I was well aware of the importance of water, having become violently ill in Scotland and Egypt just for brushing my teeth with the spigot water. How delighted I was to learn that the water in the hotel was safe for consumption. In a land replete with water, after I tried the medicinal taste, I was without any way to slake my thirst until I discovered there was a store in town that sold water. Robert and I would ride the bus to town in the impossible heat to purchase a gallon each, which we drank before we could get back and chill it in the hotel. Coleridge’s lines, “…water, water everywhere nor any drop to drink” meant much more to me after the Amazon trip.

Finally, we were on our way out into the jungle. While waiting for the motor boat to carry us into the far reaches, I placed my fingers in the water to cool them. An employee looked amazed, horrified or delighted and said, “You know there are piranhas in there!” At last, I understood the situation was real and quickly removed my fingers. Everyone knew they were to wear pants and covered shoes, I thought for the chance of mosquitoes. When we moved into canoes paddled by natives and saw long-nosed crocodiles eagerly slide from the banks to greet us, I realized a real reason existed for sitting still. There were no cushions or padding in canoes, just boards. Also, as long as my legs are, there really was not room for any relaxing. Even though I was much younger then, I experienced stiffness! The environment looked just exactly as pictured in National Geographic, so I was enthused. I was thankful that we were traveling by canoe; I know we would have been hacking our way with machetes on land.
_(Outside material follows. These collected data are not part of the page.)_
(* Let $[Z_i(\tau_i,u_i)]_{i=1}^N$ be per-agent return distributions with quantile functions $\theta_i(\tau_i,u_i,w)$, let $\alpha\in(0,1]$, let $\bar u_i=\arg\max_{u_i}\mathrm{VaR}_\alpha[Z_i(\tau_i,u_i)]$ and $\bar{\boldsymbol u}=(\bar u_1,\dots,\bar u_N)$, let $Q_{mix}:\mathbb{R}^N\to\mathbb{R}$ be nondecreasing in each argument (not depending on $\boldsymbol u$), let $\theta_r(\boldsymbol\tau,\boldsymbol u,w)\le0$ for all $\boldsymbol u,w$, and let the mask be $m_\alpha(\boldsymbol\tau,\boldsymbol u)=0$ if $\boldsymbol u=\bar{\boldsymbol u}$ and $1$ otherwise. Let $Z_{jt}(\boldsymbol\tau,\boldsymbol u)$ be a joint return distribution (e.g. represented as a Dirac mixture $\sum_{j=1}^J p_j(\boldsymbol\tau,\boldsymbol u)\delta_{\theta(\boldsymbol\tau,\boldsymbol u,w_j)}$) whose quantile function is $$\theta(\boldsymbol\tau,\boldsymbol u,w)=Q_{mix}(\theta_1(\tau_1,u_1,w),\dots,\theta_N(\tau_N,u_N,w))+m_\alpha(\boldsymbol\tau,\boldsymbol u)\,\theta_r(\boldsymbol\tau,\boldsymbol u,w),\qquad w\in(0,1].$$ Then $[Z_i]_{i=1}^N$ satisfy the RIGM principle for $Z_{jt}$ with risk metric $\mathrm{VaR}_\alpha$, i.e. $\arg\max_{\boldsymbol u}\mathrm{VaR}_\alpha[Z_{jt}(\boldsymbol\tau,\boldsymbol u)]=\bar{\boldsymbol u}$.
   Context: There are $N$ agents; agent $i$ has observation history $\tau_i$ and finite action set $U_i$; $\boldsymbol\tau=(\tau_1,\dots,\tau_N)$, $\boldsymbol u=(u_1,\dots,u_N)$. For a real random variable $Z$ with CDF $F_Z$, its quantile function is $\theta_Z(\omega)=\inf\{z\in\mathbb{R}:\omega\le F_Z(z)\}$, $\omega\in(0,1]$, and $\mathrm{VaR}_\alpha(Z)=\theta_Z(\alpha)$. RIGM principle: $\arg\max_{\boldsymbol u}\mathrm{VaR}_\alpha[Z_{jt}(\boldsymbol\tau,\boldsymbol u)]=(\arg\max_{u_1}\mathrm{VaR}_\alpha[Z_1(\tau_1,u_1)],\dots,\arg\max_{u_N}\mathrm{VaR}_\alpha[Z_N(\tau_N,u_N)])$. Standing assumption of the paper: argmax sets are singletons (ties broken by smallest index). *)

theory Defs
  imports "HOL-Probability.Probability"
begin

definition quantile :: "real measure \<Rightarrow> real \<Rightarrow> real" where
  "quantile M w = Inf {z. w \<le> cdf M z}"

definition VaR :: "real \<Rightarrow> real measure \<Rightarrow> real" where
  "VaR \<alpha> M = quantile M \<alpha>"

definition argmax_on :: "('a \<Rightarrow> real) \<Rightarrow> 'a set \<Rightarrow> 'a set" where
  "argmax_on f S = {x \<in> S. \<forall>y \<in> S. f y \<le> f x}"

end

theory Submission
  imports Defs
begin

text \<open>At \<alpha> the joint quantile is Qmix of the per-agent VaRs plus a masked penalty. Since Qmix is
  monotone and every agent's VaR is maximal at ubar, the first summand is maximal at ubar; the
  penalty is nonpositive and switched off exactly at ubar. So ubar is a joint maximiser, and the
  uniqueness hypothesis turns this into equality of the argmax set.\<close>

lemma argmax_on_eq_singleton:
  assumes "x \<in> argmax_on f S" and "is_singleton (argmax_on f S)"
  shows "argmax_on f S = {x}"
  using assms by (metis is_singletonE singletonD)

lemma componentwise_argmax_in_argmax_on:
  fixes Q :: "('n \<Rightarrow> real) \<Rightarrow> real"
  assumes Q_mono: "mono Q"
    and ubar_max: "\<And>i. ubar i \<in> argmax_on (g i) (U i)"
    and f_le: "\<And>u. (\<forall>i. u i \<in> U i) \<Longrightarrow> f u \<le> Q (\<lambda>i. g i (u i))"
    and f_ubar: "f ubar = Q (\<lambda>i. g i (ubar i))"
  shows "ubar \<in> argmax_on f {u. \<forall>i. u i \<in> U i}"
proof -
  have ubar_in: "\<forall>i. ubar i \<in> U i"
    using ubar_max by (simp add: argmax_on_def)
  have "f u \<le> f ubar" if u: "\<forall>i. u i \<in> U i" for u
  proof -
    have "(\<lambda>i. g i (u i)) \<le> (\<lambda>i. g i (ubar i))"
      using ubar_max u by (simp add: argmax_on_def le_fun_def)
    then have "Q (\<lambda>i. g i (u i)) \<le> Q (\<lambda>i. g i (ubar i))"
      by (rule monoD[OF Q_mono])
    then show ?thesis
      using f_le[OF u] f_ubar by linarith
  qed
  then show ?thesis
    using ubar_in by (simp add: argmax_on_def)
qed

theorem theorem7:
  fixes U :: "'n::finite \<Rightarrow> 'a set"
    and \<tau> :: "'n \<Rightarrow> 'o"
    and Zi :: "'n \<Rightarrow> 'o \<Rightarrow> 'a \<Rightarrow> real measure"
    and \<theta>i :: "'n \<Rightarrow> 'o \<Rightarrow> 'a \<Rightarrow> real \<Rightarrow> real"
    and Zjt :: "('n \<Rightarrow> 'o) \<Rightarrow> ('n \<Rightarrow> 'a) \<Rightarrow> real measure"
    and \<theta>r :: "('n \<Rightarrow> 'o) \<Rightarrow> ('n \<Rightarrow> 'a) \<Rightarrow> real \<Rightarrow> real"
    and Qmix :: "('n \<Rightarrow> real) \<Rightarrow> real"
    and ubar :: "'n \<Rightarrow> 'a"
    and \<alpha> :: real
  assumes U_fin: "\<And>i. finite (U i)"
    and U_ne: "\<And>i. U i \<noteq> {}"
    and alpha: "0 < \<alpha>" "\<alpha> \<le> 1"
    and Zi_prob: "\<And>i a. a \<in> U i \<Longrightarrow> prob_space (Zi i (\<tau> i) a) \<and> sets (Zi i (\<tau> i) a) = sets borel"
    and Zi_quantile: "\<And>i a w. a \<in> U i \<Longrightarrow> 0 < w \<Longrightarrow> w \<le> 1 \<Longrightarrow>
        quantile (Zi i (\<tau> i) a) w = \<theta>i i (\<tau> i) a w"
    and ubar_def: "\<And>i. argmax_on (\<lambda>a. VaR \<alpha> (Zi i (\<tau> i) a)) (U i) = {ubar i}"
    and Qmix_mono: "mono Qmix"
    and \<theta>r_nonpos: "\<And>u w. \<theta>r \<tau> u w \<le> 0"
    and Zjt_prob: "\<And>u. (\<forall>i. u i \<in> U i) \<Longrightarrow> prob_space (Zjt \<tau> u) \<and> sets (Zjt \<tau> u) = sets borel"
    and Zjt_quantile: "\<And>u w. (\<forall>i. u i \<in> U i) \<Longrightarrow> 0 < w \<Longrightarrow> w \<le> 1 \<Longrightarrow>
        quantile (Zjt \<tau> u) w =
          Qmix (\<lambda>i. \<theta>i i (\<tau> i) (u i) w) + (if u = ubar then 0 else 1) * \<theta>r \<tau> u w"
    and joint_singleton: "is_singleton (argmax_on (\<lambda>u. VaR \<alpha> (Zjt \<tau> u)) {u. \<forall>i. u i \<in> U i})"
  shows "argmax_on (\<lambda>u. VaR \<alpha> (Zjt \<tau> u)) {u. \<forall>i. u i \<in> U i} = {ubar}"
proof -
  define g where "g i a = VaR \<alpha> (Zi i (\<tau> i) a)" for i a
  have ubar_max: "ubar i \<in> argmax_on (g i) (U i)" for i
    using ubar_def[of i] by (simp add: g_def[abs_def])
  have VaR_joint: "VaR \<alpha> (Zjt \<tau> u) =
      Qmix (\<lambda>i. g i (u i)) + (if u = ubar then 0 else 1) * \<theta>r \<tau> u \<alpha>"
    if "\<forall>i. u i \<in> U i" for u
    using that alpha by (simp add: g_def VaR_def Zjt_quantile Zi_quantile)
  have "ubar \<in> argmax_on (\<lambda>u. VaR \<alpha> (Zjt \<tau> u)) {u. \<forall>i. u i \<in> U i}"
  proof (rule componentwise_argmax_in_argmax_on[OF Qmix_mono ubar_max])
    show "VaR \<alpha> (Zjt \<tau> u) \<le> Qmix (\<lambda>i. g i (u i))" if "\<forall>i. u i \<in> U i" for u
      using VaR_joint[OF that] \<theta>r_nonpos[of u \<alpha>] by simp
    show "VaR \<alpha> (Zjt \<tau> ubar) = Qmix (\<lambda>i. g i (ubar i))"
      using VaR_joint ubar_max by (simp add: argmax_on_def)
  qed
  then show ?thesis
    using joint_singleton by (rule argmax_on_eq_singleton)
qed

end
lemma right_tail_partial_le:
  "hi \<le> k \<Longrightarrow> (\<Sum>j<N. poisson_prob l (Suc k + j)) \<le> tail_factor l (real k + 1 - l - 1/8) * poisson_prob l k"
proof (induction N arbitrary: k)
  case 0
  have "0 < real k + 1 - l - 1/8"
    using 0 hi_bounds s_ge by linarith
  then show ?case
    using tail_factor_nonneg[OF _ l_pos] prob_nonneg by simp
next
  case (Suc N)
  define x where "x = real k + 1 - l - 1/8"
  have x: "s - 1/8 \<le> x"
    using Suc.prems hi_bounds unfolding x_def by linarith
  have "(\<Sum>j<Suc N. poisson_prob l (Suc k + j))
      = poisson_prob l (Suc k) + (\<Sum>j<N. poisson_prob l (Suc (Suc k) + j))"
    unfolding sum.lessThan_Suc_shift by simp
  also have "\<dots> \<le> poisson_prob l (Suc k) * (1 + tail_factor l (x + 1))"
    using Suc.IH[of "Suc k"] Suc.prems by (simp add: x_def algebra_simps)
  also have "\<dots> = poisson_prob l k / real (Suc k) * (l * (1 + tail_factor l (x + 1)))"
    by (simp add: poisson_prob_Suc field_simps del: of_nat_Suc)
  also have "\<dots> \<le> poisson_prob l k / real (Suc k) * (tail_factor l x * (l + x + 1/8))"
    using tail_factor_step_up[OF s_ge l_eq x] prob_nonneg[of k] by (intro mult_left_mono) auto
  also have "\<dots> = tail_factor l x * poisson_prob l k"
    by (simp add: x_def)
  finally show ?case
    unfolding x_def .
qed

lemma right_tail_le: "(\<Sum>j. poisson_prob l (Suc hi + j)) \<le> tail_factor l (s - 1/8) * poisson_prob l hi"
proof -
  have "summable (\<lambda>j. poisson_prob l (j + Suc hi))"
    using sums_summable[OF sums_poisson_prob] by (rule summable_ignore_initial_segment)
  then have "summable (\<lambda>j. poisson_prob l (Suc hi + j))"
    by (simp add: add.commute)
  then have "(\<Sum>j. poisson_prob l (Suc hi + j)) \<le> tail_factor l (real hi + 1 - l - 1/8) * poisson_prob l hi"
    using right_tail_partial_le[OF order_refl] by (rule suminf_le_const)
  also have "\<dots> \<le> tail_factor l (s - 1/8) * poisson_prob l hi"
    using hi_bounds s_ge prob_nonneg[of hi]
    by (intro mult_right_mono tail_factor_antimono l_pos) auto
  finally show ?thesis .
qed

lemma prob_hi_minus_ge:
  "j \<le> hi - Suc mid \<Longrightarrow>
     poisson_prob l hi * (1 + (real j * hi_excess - real j * (real j - 1) / 2) / l) \<le> poisson_prob l (hi - j)"
proof (induction j)
  case 0
  then show ?case by simp
next
  case (Suc j)
  define B where "B = (real j * hi_excess - real j * (real j - 1) / 2) / l"
  define z where "z = (hi_excess - real j) / l"
  have j: "real j \<le> hi_excess" "Suc j \<le> hi"
    using Suc.prems mid_bounds unfolding hi_excess_def by linarith+
  have "0 \<le> real j * (hi_excess - (real j - 1) / 2)"
    using j by (intro mult_nonneg_nonneg) auto
  then have B: "0 \<le> B"
    unfolding B_def using l_pos by (simp add: algebra_simps)
  have z: "0 \<le> z"
    unfolding z_def using j l_pos by simp
  have "poisson_prob l hi * (1 + B + z) \<le> poisson_prob l hi * ((1 + B) * (1 + z))"
    using B z prob_nonneg[of hi] by (intro mult_left_mono) (auto simp: algebra_simps)
  also have "\<dots> = (poisson_prob l hi * (1 + B)) * (1 + z)"
    by (simp only: mult.assoc)
  also have "\<dots> \<le> poisson_prob l (hi - j) * (1 + z)"
    using Suc.IH Suc.prems z unfolding B_def by (intro mult_right_mono) auto
  also have "\<dots> = poisson_prob l (hi - Suc j)"
    using prob_pred[of "hi - Suc j"] j l_pos
    by (simp add: Suc_diff_Suc z_def hi_excess_def of_nat_diff field_simps)
  also have "1 + B + z = 1 + (real (Suc j) * hi_excess - real (Suc j) * (real (Suc j) - 1) / 2) / l"
    unfolding B_def z_def using l_pos by (simp add: field_simps)
  finally show ?case .
qed

definition right_mass :: "nat \<Rightarrow> real" where
  "right_mass n = (\<Sum>j<n. 1 + (real j * hi_excess - real j * (real j - 1) / 2) / l)"

lemma right_mass_eq:
  "right_mass n = real n + (hi_excess * real n * (real n - 1) / 2 - real n * (real n - 1) * (real n - 2) / 6) / l"
  by (induction n) (simp_all add: right_mass_def, simp add: field_simps l_pos[THEN less_imp_neq, symmetric])

lemma right_centre_ge: "poisson_prob l hi * right_mass (hi - mid) \<le> (\<Sum>k = Suc mid..hi. poisson_prob l k)"
proof -
  have "poisson_prob l hi * right_mass (hi - mid) \<le> (\<Sum>j<hi - mid. poisson_prob l (hi - j))"
    unfolding right_mass_def sum_distrib_left
    by (intro sum_mono prob_hi_minus_ge) auto
  also have "\<dots> = (\<Sum>k = Suc mid..hi. poisson_prob l k)"
    using mid_less_hi
    by (intro sum.reindex_bij_witness[of _ "\<lambda>k. hi - k" "\<lambda>j. hi - j"]) auto
  finally show ?thesis .
qed

lemma right_mass_ge: "(s - 1) * (1 + (s - 2) * (2 * s - 1) / (6 * l)) \<le> right_mass (hi - mid)"
proof -
  define n where "n = real (hi - mid)"
  have n: "hi_excess \<le> n" "n < hi_excess + 1"
    using mid_less_hi mid_bounds by (simp_all add: n_def hi_excess_def of_nat_diff)
  have "(s - 2) * (2 * s - 1) \<le> (n - 1) * (3 * hi_excess - n + 2)"
    using n hi_excess_bounds s_ge by (intro mult_mono) auto
  then have "(s - 2) * (2 * s - 1) / (6 * l) \<le> (n - 1) * (3 * hi_excess - n + 2) / (6 * l)"
    using l_pos by (intro divide_right_mono) auto
  moreover have "0 \<le> (s - 2) * (2 * s - 1) / (6 * l)"
    using s_ge l_pos by simp
  ultimately have "(s - 1) * (1 + (s - 2) * (2 * s - 1) / (6 * l))
      \<le> n * (1 + (n - 1) * (3 * hi_excess - n + 2) / (6 * l))"
    using n hi_excess_bounds s_ge by (intro mult_mono) auto
  also have "\<dots> = right_mass (hi - mid)"
    using l_pos by (simp add: right_mass_eq n_def field_simps)
  finally show ?thesis .
qed

lemma right_tail_vs_centre:
  "31/25 * (\<Sum>j. poisson_prob l (Suc hi + j)) \<le> (\<Sum>k = Suc mid..hi. poisson_prob l k)"
proof -
  have "31/25 * (\<Sum>j. poisson_prob l (Suc hi + j)) \<le> 31/25 * tail_factor l (s - 1/8) * poisson_prob l hi"
    using right_tail_le by simp
  also have "\<dots> \<le> (s - 1) * (1 + (s - 2) * (2 * s - 1) / (6 * l)) * poisson_prob l hi"
    using tail_factor_right_estimate[OF s_ge l_eq] prob_nonneg by (intro mult_right_mono) auto
  also have "\<dots> \<le> right_mass (hi - mid) * poisson_prob l hi"
    using right_mass_ge prob_nonneg by (intro mult_right_mono) auto
  also have "\<dots> \<le> (\<Sum>k = Suc mid..hi. poisson_prob l k)"
    using right_centre_ge by (simp add: mult.commute)
  finally show ?thesis .
qed

lemma left_tail_partial_le:
  "k \<le> k0 \<Longrightarrow> (\<Sum>i<k. poisson_prob l i) \<le> tail_factor l (l - real k + 1) * poisson_prob l k"
proof (induction k)
  case 0
  then show ?case
    using tail_factor_nonneg[OF _ l_pos, of "l + 1"] prob_nonneg l_pos by simp
next
  case (Suc k)
  define y where "y = l - real k"
  have y: "s + 1 \<le> y"
    using Suc.prems k0_eq lo_bounds unfolding y_def by linarith
  have "(\<Sum>i<Suc k. poisson_prob l i) \<le> poisson_prob l k * (1 + tail_factor l (y + 1))"
    using Suc by (simp add: y_def algebra_simps)
  also have "\<dots> = poisson_prob l (Suc k) / l * ((l - y + 1) * (1 + tail_factor l (y + 1)))"
    by (subst prob_pred) (simp add: y_def)
  also have "\<dots> \<le> poisson_prob l (Suc k) / l * (l * tail_factor l y)"
    using tail_factor_step_down[OF s_ge l_eq y] prob_nonneg[of "Suc k"] l_pos
    by (intro mult_left_mono) auto
  also have "\<dots> = tail_factor l (l - real (Suc k) + 1) * poisson_prob l (Suc k)"
    using l_pos unfolding y_def by simp
  finally show ?case .
qed

lemma left_tail_le: "(\<Sum>i<lo. poisson_prob l i) \<le> (1 + tail_factor l (s + 1)) * poisson_prob l k0"
proof -
  have "(\<Sum>i<lo. poisson_prob l i) \<le> (tail_factor l (k0_gap + 1) + 1) * poisson_prob l k0"
    using left_tail_partial_le[of k0] by (simp add: lo_eq k0_gap_def algebra_simps)
  also have "\<dots> \<le> (tail_factor l (s + 1) + 1) * poisson_prob l k0"
    using k0_gap_bounds s_ge prob_nonneg
    by (intro mult_right_mono add_right_mono tail_factor_antimono l_pos) auto
  finally show ?thesis
    by (simp add: add.commute)
qed

lemma prob_k0_plus_ge:
  "t \<le> mid - k0 \<Longrightarrow>
     poisson_prob l k0 * (1 + (real t * k0_gap - real t * (real t + 1) / 2) / l) \<le> poisson_prob l (k0 + t)"
proof (induction t)
  case 0
  then show ?case by simp
next
  case (Suc t)
  define C where "C = (real t * k0_gap - real t * (real t + 1) / 2) / l"
  define z where "z = k0_gap - real t - 1"
  have t: "real t + 1 \<le> k0_gap"
    using Suc.prems k0_less_mid mid_bounds unfolding k0_gap_def by linarith
  have "0 \<le> real t * (k0_gap - (real t + 1) / 2)"
    using t by (intro mult_nonneg_nonneg) auto
  then have C: "0 \<le> C"
    unfolding C_def using l_pos by (simp add: algebra_simps)
  have z: "0 \<le> z" "z < l"
    using t k0_gap_bounds unfolding z_def k0_gap_def by linarith+
  have "(1 + C) * (1 + z / l) = 1 + C + z / l + C * (z / l)"
    by (simp add: algebra_simps add_divide_distrib)
  then have "1 + C + z / l \<le> (1 + C) * (1 + z / l)"
    using mult_nonneg_nonneg[OF C divide_nonneg_pos[OF z(1) l_pos]] by linarith
  then have "poisson_prob l k0 * (1 + C + z / l) \<le> poisson_prob l k0 * ((1 + C) * (1 + z / l))"
    using prob_nonneg by (rule mult_left_mono)
  also have "\<dots> = (poisson_prob l k0 * (1 + C)) * (1 + z / l)"
    by (simp only: mult.assoc)
  also have "\<dots> \<le> poisson_prob l (k0 + t) * (1 + z / l)"
    using Suc.IH Suc.prems z l_pos unfolding C_def by (intro mult_right_mono) auto
  also have "\<dots> \<le> poisson_prob l (k0 + t) * (l / (l - z))"
  proof -
    have "(1 + z / l) * (l - z) \<le> l"
      using l_pos by (simp add: field_simps)
    then show ?thesis
      using z prob_nonneg by (intro mult_left_mono) (auto simp: le_divide_eq)
  qed
  also have "\<dots> = poisson_prob l (k0 + Suc t)"
    using poisson_prob_Suc[of l "k0 + t"] by (simp add: z_def k0_gap_def)
  also have "1 + C + z / l = 1 + (real (Suc t) * k0_gap - real (Suc t) * (real (Suc t) + 1) / 2) / l"
    unfolding C_def z_def using l_pos by (simp add: field_simps)
  finally show ?case .
qed

definition left_mass :: "nat \<Rightarrow> real" where
  "left_mass n = (\<Sum>t = 1..n. 1 + (real t * k0_gap - real t * (real t + 1) / 2) / l)"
We went to floating houses -- actually one room and porch houses -- where some natives lived. Their whole families stayed there and gained their food from the river. Children played with monkeys, perhaps ones who meat added to their diet. I have never understood why photographers always want me in their pictures! This time was no different, except that the owner of the boat had a pet python which he added to the filming. I did not agree to be involved! The snake was larger than my arm, and who knows whether he had recently been fed! A gentleman did pose and added his lit pipe to the snake’s mouth, eliciting a warning hiss.

Our food was fish and rice prepared on a floating barge. Thankfully, the fish did not, as in China, have its head and eyes left for decoration! My husband was very disappointed to find that the two day and night tent trip on land was either too expensive, sold out or not available to us. I was thankful for the lack; I did not enjoy the thought of huge snakes entering my sleeping bag to keep warm or crawling insects’ visits! I was charmed by the trip and thankful to have seen the wonders of nature.

I did not expect more adventures since we were leaving to catch the airplane home. The hotel had received our money and had a new set of tourists. Big surprise -- no plane arrived! Our last night was spent in a type of barracks with no air conditioning and Spartan accommodations. The young missionaries joining us were delighted because they had been sleeping in the company of tarantulas. The only food available was very stale crackers, probably left from prehistoric time. The next morning, the plane arrived -- a “crop duster.” When the aircraft rose, it encountered much turbulence, tossing the stewardess and passengers around and dousing everyone with tepid Coca-Cola! Finally, a calm came, and then we were treated to a double rainbow, the first one I ever saw and very vivid! What a wonderful way for nature to help us bid good-bye to the jungle!

No matter where an individual may go, what is available is different. The older I get, the more I enjoy “visiting” by watching specials on television in the comfort of an air conditioned home with clean water readily available. Possibly, I might be unable to get out of those canoes and walk now.